Clamor Nacional: Um Manifesto pela Vida
No Brasil, a pressão por regulamentação ganhou força com um manifesto lançado em 2025 por personalidades, intelectuais e ex-ministros, como Ailton Krenak, Drauzio Varella, Júlio Lancelotti, Paulo Betti Casagrande, Antonio Grassi, Benedita da Silva, Frei Betto, Lelia e Sebastião Salgado e Daniela Mercury. Com o lema “internet sem regulamentação mata”, o documento exige que plataformas digitais sigam regras claras, como qualquer atividade em uma democracia.
Aberto a assinaturas e endereçado ao Congresso, ao Supremo Tribunal Federal e à Presidência, o manifesto aponta casos trágicos para justificar sua urgência: a morte de Sarah Raissa Pereira de Castro, uma menina de 8 anos, em um desafio online no Distrito Federal, e uma operação da Polícia Federal contra crimes virtuais que vitimaram crianças e adolescentes em sete estados.
Liderado por ex-ministros de Direitos Humanos, como Paulo Vannuchi, Nilmário Miranda, Paulo Sérgio Pinheiro, Ideli Salvatti, Maria do Rosário e Rogério Sottili, o grupo argumenta que a falta de regulação perpetua uma “barbárie” que atinge os mais vulneráveis, especialmente jovens e grupos fragilizados. Para eles, o que é crime no mundo físico deve ser crime no virtual, e a regulamentação é essencial para proteger a sociedade dos perigos do ambiente digital.

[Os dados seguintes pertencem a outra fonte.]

(* Let $\psi_1,\psi_2$ be real random fields on $\mathbb{R}^2$ and $k_R>0$, and let $E(k)$, $G_1(k)$, $G_2(k)$, $P(k)$, $\Gamma(k)$ be as defined in the context. Then for every wavenumber $k\in(0,+\infty)$ with $E(k)>0$, \[ |2\Gamma(k)-1| \le \frac{k^2+[1-P(k)]\,k_R^2}{k^2+k_R^2\,P(k)}. \]
   Context: Two-layer quasi-geostrophic setting. $\psi_1,\psi_2$ are the (random) streamfunctions of the upper and lower layer, real fields on $\mathbb{R}^2$ with Fourier transforms $\hat\psi_\alpha$, so that $\psi_\alpha(\mathbf{x})=\int_{\mathbb{R}^2}\hat\psi_\alpha(\mathbf{k})e^{i\mathbf{k}\cdot\mathbf{x}}\,d\mathbf{k}$; $\langle\cdot\rangle$ denotes ensemble average. For fields $a,b$ and $k>0$ define the bracket \[ \langle a,b\rangle_k=\frac12\int_{A\in SO(2)} d\Omega(A)\; k\,\big\langle \hat a(kA\mathbf{e})\overline{\hat b(kA\mathbf{e})}+\overline{\hat a(kA\mathbf{e})}\hat b(kA\mathbf{e})\big\rangle, \] where $\mathbf{e}$ is a fixed unit vector and $d\Omega$ is the rotation-invariant measure on $SO(2)$; it is symmetric, bilinear, satisfies $\langle a,a\rangle_k\ge 0$ and $\langle \Delta a,b\rangle_k=\langle a,\Delta b\rangle_k=-k^2\langle a,b\rangle_k$. The potential vorticities are $q_1=\Delta\psi_1+\frac{k_R^2}{2}(\psi_2-\psi_1)$ and $q_2=\Delta\psi_2-\frac{k_R^2}{2}(\psi_2-\psi_1)$, with $k_R>0$ the Rossby wavenumber (a constant Coriolis parameter does not contribute at $k>0$ and is omitted). Let $\psi=(\psi_1+\psi_2)/2$, $\tau=(\psi_1-\psi_2)/2$. Define the energy spectrum $E(k)=-\langle\psi_1,q_1\rangle_k-\langle\psi_2,q_2\rangle_k$, which equals $E_K(k)+E_P(k)$ with barotropic spectrum $E_K(k)=2k^2\langle\psi,\psi\rangle_k$ and baroclinic spectrum $E_P(k)=2(k^2+k_R^2)\langle\tau,\tau\rangle_k$. Define potential enstrophy spectra $G_\alpha(k)=\langle q_\alpha,q_\alpha\rangle_k$ and $G(k)=G_1(k)+G_2(k)$ (when $E(k)>0$ one has $G(k)>0$). For $k$ with $E(k)>0$ define $P(k)=E_P(k)/E(k)\in[0,1]$ (so $E_K=(1-P)E$) and $\Gamma(k)=G_1(k)/G(k)\in[0,1]$ (so $G_2=(1-\Gamma)G$). *)

theory Defs
  imports "HOL-Probability.Probability"
begin

text \<open>A (random) field is represented by its Fourier transform: for each sample
  point \<omega> of the probability space and each wavevector \<kappa> in R^2 (modelled as
  real \<times> real) the complex amplitude.\<close>

type_synonym 'w field = "'w \<Rightarrow> real \<times> real \<Rightarrow> complex"

definition lap :: "'w field \<Rightarrow> 'w field" where
  "lap a = (\<lambda>\<omega> \<kappa>. - complex_of_real ((norm \<kappa>)\<^sup>2) * a \<omega> \<kappa>)"

text \<open>Wavevector k A e with e = (1,0) and A the rotation by angle \<theta>.\<close>
definition wv :: "real \<Rightarrow> real \<Rightarrow> real \<times> real" where
  "wv k \<theta> = (k * cos \<theta>, k * sin \<theta>)"

text \<open>The bracket: (1/2) \<integral>_{SO(2)} d\<Omega>(A) k < a(kAe) conj(b(kAe)) + conj(a(kAe)) b(kAe) >,
  with SO(2) parametrised by \<theta> \<in> [0, 2\<pi>] and d\<Omega> = d\<theta> (the normalisation of the
  invariant measure is irrelevant for the statement).  The integrand
  a conj b + conj a b is real; we write it as the real part of itself.\<close>
definition bracket :: "'w measure \<Rightarrow> 'w field \<Rightarrow> 'w field \<Rightarrow> real \<Rightarrow> real" where
  "bracket M a b k = 1/2 * (LBINT \<theta>=0..2*pi. k * (LINT \<omega>|M.
      Re (a \<omega> (wv k \<theta>) * cnj (b \<omega> (wv k \<theta>)) + cnj (a \<omega> (wv k \<theta>)) * b \<omega> (wv k \<theta>))))"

Um Futuro Ético ou um Caos Digital?
O Brasil e o mundo estão em uma encruzilhada. A academia alerta: 70% dos brasileiros, segundo a USP em 2024, ignoram como seus dados são usados por IA. Juízes enfrentam lacunas legais para punir deepfakes, e a jurisdição transnacional é um pesadelo. A inversão do ônus da prova no PL 2338/2023 ajuda, mas é insuficiente. Ética algorítmica, transparência e educação digital são demandas urgentes, mas esbarram no lucro das big techs.

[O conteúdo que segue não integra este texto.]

lemma mult_less_dyadic_cover:
  fixes x y s :: real
  assumes "0 \<le> x" "0 \<le> y" "x * y < s" "(1/2)^J \<le> s"
  shows "y < s \<or> x < s \<or> (\<exists>j<J. x < s * 2^Suc j \<and> y < (1/2)^j)"
proof (cases "y < (1/2)^J \<or> 1 \<le> y")
  case True
  then show ?thesis
    using assms by (smt (verit) mult_le_cancel_left1)
next
  case False
  then obtain j where j: "j < J" "(1/2)^Suc j \<le> y" "y < (1/2)^j"
    using dyadic_bracket[of J y] assms by force
  have "(0::real) < (1/2)^Suc j" by simp
  then have y: "y > 0" using j(2) by linarith
  have "1 \<le> y * 2^Suc j" using j(2) by (simp add: power_divide field_simps)
  then have "x * 1 \<le> x * (y * 2^Suc j)" using assms(1) by (rule mult_left_mono)
  also have "\<dots> < s * 2^Suc j" using assms(3) by (simp add: mult.assoc[symmetric])
  finally show ?thesis using j by auto
qed

lemma dyadic_geometric_sum_le:
  fixes a b s :: real
  assumes "a < b" "s > 0"
  shows "(\<Sum>j<J. (s * 2^Suc j) powr a * ((1/2)^j) powr b) \<le> 2 powr a / (1 - (1/2) powr (b - a)) * s powr a"
proof -
  define r :: real where "r = (1/2) powr (b - a)"
  have r: "0 < r" "r < 1"
    using assms(1) powr_less_mono'[of "1/2::real" 0 "b - a"] by (simp_all add: r_def)
  have summand: "(s * 2^Suc j) powr a * ((1/2)^j) powr b = 2 powr a * s powr a * r^j" for j
  proof -
    have "(s * 2^Suc j) powr a = s powr a * 2 powr a * (2 powr a)^j"
      using assms(2) by (simp add: powr_mult powr_realpow[symmetric] powr_powr powr_power mult_ac)
    moreover have "((1/2::real)^j) powr b = ((1/2) powr b)^j"
      by (simp add: powr_realpow[symmetric] powr_powr powr_power mult.commute)
    moreover have "2 powr a * (1/2) powr b = r"
      by (simp add: r_def powr_diff powr_divide)
    ultimately show ?thesis by (simp add: power_mult_distrib[symmetric] mult_ac)
  qed
  have "(\<Sum>j<J. r^j) \<le> 1 / (1 - r)"
    using r by (simp add: sum_gp_strict divide_right_mono)
  then have "2 powr a * s powr a * (\<Sum>j<J. r^j) \<le> 2 powr a * s powr a * (1 / (1 - r))"
    by (intro mult_left_mono) auto
  moreover have "(\<Sum>j<J. (s * 2^Suc j) powr a * ((1/2)^j) powr b) = 2 powr a * s powr a * (\<Sum>j<J. r^j)"
    by (simp only: summand sum_distrib_left)
  ultimately show ?thesis
    by (simp add: r_def)
qed

lemma (in prob_space) prob_indep_less:
  fixes X Y :: "'a \<Rightarrow> real"
  assumes "indep_var borel X borel Y"
  shows "prob {\<omega>\<in>space M. X \<omega> < u \<and> Y \<omega> < v} = prob {\<omega>\<in>space M. X \<omega> < u} * prob {\<omega>\<in>space M. Y \<omega> < v}"
  using lessThan_borel prob_indep_random_variable[OF assms, of "{..<u}" "{..<v}"] by simp

lemma (in prob_space) indep_var_swap:
  assumes "indep_var S X T Y"
  shows "indep_var T Y S X"
proof -
  have swap: "indep_set B A" if AB: "indep_set A B" for A B
  proof -
    have "prob (b \<inter> a) = prob b * prob a" if "a \<in> A" "b \<in> B" for a b
      using AB that unfolding indep_sets2_eq by (simp add: Int_commute mult.commute)
    with AB show ?thesis unfolding indep_sets2_eq by blast
  qed
  from assms show ?thesis unfolding indep_var_eq using swap by blast
qed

O caminho exige coragem. O AI Act é um farol, mas o Brasil precisa ir além. Classificar riscos com clareza, como na UE, é essencial. Proibir práticas como deepfakes eleitorais é inegociável. Transparência sobre dados e algoritmos deve ser obrigatória. A supervisão humana, garantindo revisão de decisões críticas, é vital. Educação digital empodera cidadãos, como defendem acadêmicos. E a cooperação global, proposta por Aranha, é a única forma de enfrentar gigantes transnacionais.

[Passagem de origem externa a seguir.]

lemma cycle_H1_nonzero:
  fixes \<Delta> :: "'a::linorder set set" and g :: "nat \<Rightarrow> 'a" and K :: "'k::field itself"
  assumes fin: "finite \<Delta>" and n: "1 \<le> n" and closed: "g n = g 0"
    and edges: "\<And>i. i < n \<Longrightarrow> g i \<noteq> g (Suc i) \<and> {g i, g (Suc i)} \<in> \<Delta>"
    and no_triangles: "\<And>T. T \<in> \<Delta> \<Longrightarrow> card T \<noteq> 3"
    and once: "\<And>i. 0 < i \<Longrightarrow> i < n \<Longrightarrow> {g i, g (Suc i)} \<noteq> {g 0, g 1}"
  shows "H1_nonzero K \<Delta>"
proof -
  let ?c = "path_chain g n :: 'a set \<Rightarrow> 'k"
  have "?c {g 0, g 1} = edge_sign (g 0) (g 1)" by (rule path_chain_first_edge[OF n once])
  then have "?c {g 0, g 1} \<noteq> 0" by (simp add: edge_sign_def)
  moreover have "{g 0, g 1} \<in> \<Delta>" "card {g 0, g 1} = 2" using edges[of 0] n by auto
  ultimately have "\<not> is_1boundary \<Delta> ?c"
    using boundary_without_triangles[OF no_triangles] by blast
  then show ?thesis
    unfolding H1_nonzero_def using path_chain_is_1cycle[OF fin edges closed] by blast
qed

lemma sc_closed: "simplicial_complex \<Gamma> \<Longrightarrow> G \<in> \<Gamma> \<Longrightarrow> H \<subseteq> G \<Longrightarrow> H \<in> \<Gamma>"
  unfolding simplicial_complex_def by blast

lemma finite_induced_link:
  assumes sc: "simplicial_complex \<Gamma>"
  shows "finite (induced (link \<Gamma> F) W)"
proof -
  have "link \<Gamma> F = (\<lambda>G. G - F) ` {G \<in> \<Gamma>. F \<subseteq> G}" unfolding link_def by auto
  then have "finite (link \<Gamma> F)" using sc unfolding simplicial_complex_def by auto
  then show ?thesis unfolding induced_def by auto
qed

lemma link_empty: "link \<Gamma> {} = \<Gamma>"
  unfolding link_def by auto

lemma face_card_le:
  assumes "simplicial_complex \<Gamma>" "F \<in> \<Gamma>"
  shows "card F \<le> Max (card ` \<Gamma>)"
  using assms unfolding simplicial_complex_def by (intro Max_ge) auto

lemma girth_le:
  assumes "F \<in> \<Gamma>" "W \<subseteq> vertices \<Gamma>" "H1_nonzero K (induced (link \<Gamma> F) W)"
  shows "girth1 K \<Gamma> \<le> enat (card W)"
  unfolding girth1_def by (rule INF_lower) (use assms in auto)

text \<open>If \<open>gr\<^sub>1(\<Gamma>) > 3\<close>, every triangle of edges in a link spans a face: otherwise the
  triangle is a non-trivial cycle in the restriction of the link to its three vertices.\<close>
lemma triangle_face:
  fixes \<Gamma> :: "'a::linorder set set" and K :: "'k::field itself"
  assumes sc: "simplicial_complex \<Gamma>" and girth: "enat 3 < girth1 K \<Gamma>" and F: "F \<in> \<Gamma>"
    and distinct: "x \<noteq> y" "y \<noteq> z" "x \<noteq> z" and outside: "x \<notin> F" "y \<notin> F" "z \<notin> F"
    and edges: "insert x (insert y F) \<in> \<Gamma>" "insert y (insert z F) \<in> \<Gamma>" "insert x (insert z F) \<in> \<Gamma>"
  shows "insert x (insert y (insert z F)) \<in> \<Gamma>"
proof (rule ccontr)
  assume missing: "insert x (insert y (insert z F)) \<notin> \<Gamma>"
  define \<Delta> where "\<Delta> = induced (link \<Gamma> F) {x,y,z}"
  define g :: "nat \<Rightarrow> 'a" where "g i = (if i = 0 then x else if i = 1 then y else if i = 2 then z else x)" for i
  have link_edge: "{a,b} \<in> \<Delta>"
    if "insert a (insert b F) \<in> \<Gamma>" "a \<notin> F" "b \<notin> F" "a \<in> {x,y,z}" "b \<in> {x,y,z}" for a b
  proof -
    have "{a,b} = insert a (insert b F) - F" using that by auto
    then have "{a,b} \<in> link \<Gamma> F" unfolding link_def using that by blast
    then show ?thesis unfolding \<Delta>_def induced_def using that by auto
  qed
  have no_triangles: "card T \<noteq> 3" if T: "T \<in> \<Delta>" for T
  proof
    assume c3: "card T = 3"
    have "T \<subseteq> {x,y,z}" "card {x,y,z} = 3" using T distinct unfolding \<Delta>_def induced_def by auto
    then have T3: "T = {x,y,z}" using card_subset_eq[of "{x,y,z}" T] c3 by auto
    obtain G where G: "G \<in> \<Gamma>" "F \<subseteq> G" "T = G - F"
      using T unfolding \<Delta>_def induced_def link_def by auto
    then have "G = insert x (insert y (insert z F))" using T3 by auto
    then show False using G missing by simp
  qed
  have "H1_nonzero K \<Delta>"
  proof (rule cycle_H1_nonzero[where n = 3 and g = g])
    show "finite \<Delta>" unfolding \<Delta>_def by (rule finite_induced_link[OF sc])
  next
    fix i :: nat assume "i < 3"
    then have "i = 0 \<or> i = 1 \<or> i = 2" by auto
    then show "g i \<noteq> g (Suc i) \<and> {g i, g (Suc i)} \<in> \<Delta>"
      using link_edge[OF edges(1)] link_edge[OF edges(2)] link_edge[OF edges(3)] outside distinct
      unfolding g_def by (auto simp: insert_commute)
  next
    fix i :: nat assume "0 < i" "i < 3"
    then have "i = 1 \<or> i = 2" by auto
    then show "{g i, g (Suc i)} \<noteq> {g 0, g 1}"
      using distinct unfolding g_def by (auto simp: doubleton_eq_iff)
  qed (use no_triangles g_def in auto)
  moreover have "{x,y,z} \<subseteq> vertices \<Gamma>" unfolding vertices_def using edges by blast
  ultimately have "girth1 K \<Gamma> \<le> enat (card {x,y,z})"
    unfolding \<Delta>_def by (rule girth_le[OF F, rotated])
  moreover have "card {x,y,z} = 3" using distinct by simp
  ultimately show False using girth by (simp add: leD)
qed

O PL 2338/2023 é um passo, mas manca. A proteção autoral e a requalificação profissional são acertos, mas ignorar redes sociais é covardia. A IA pode ser aliada do progresso, mas sem rédeas, é uma ameaça à democracia, à privacidade e à justiça.
O manifesto de 2025 é um grito: o virtual não é um vazio legal. Regras não são censura, mas defesa da cidadania.
O Brasil tem a chance de liderar no Sul Global, mas só se colocar pessoas acima de lucros. O relógio está correndo.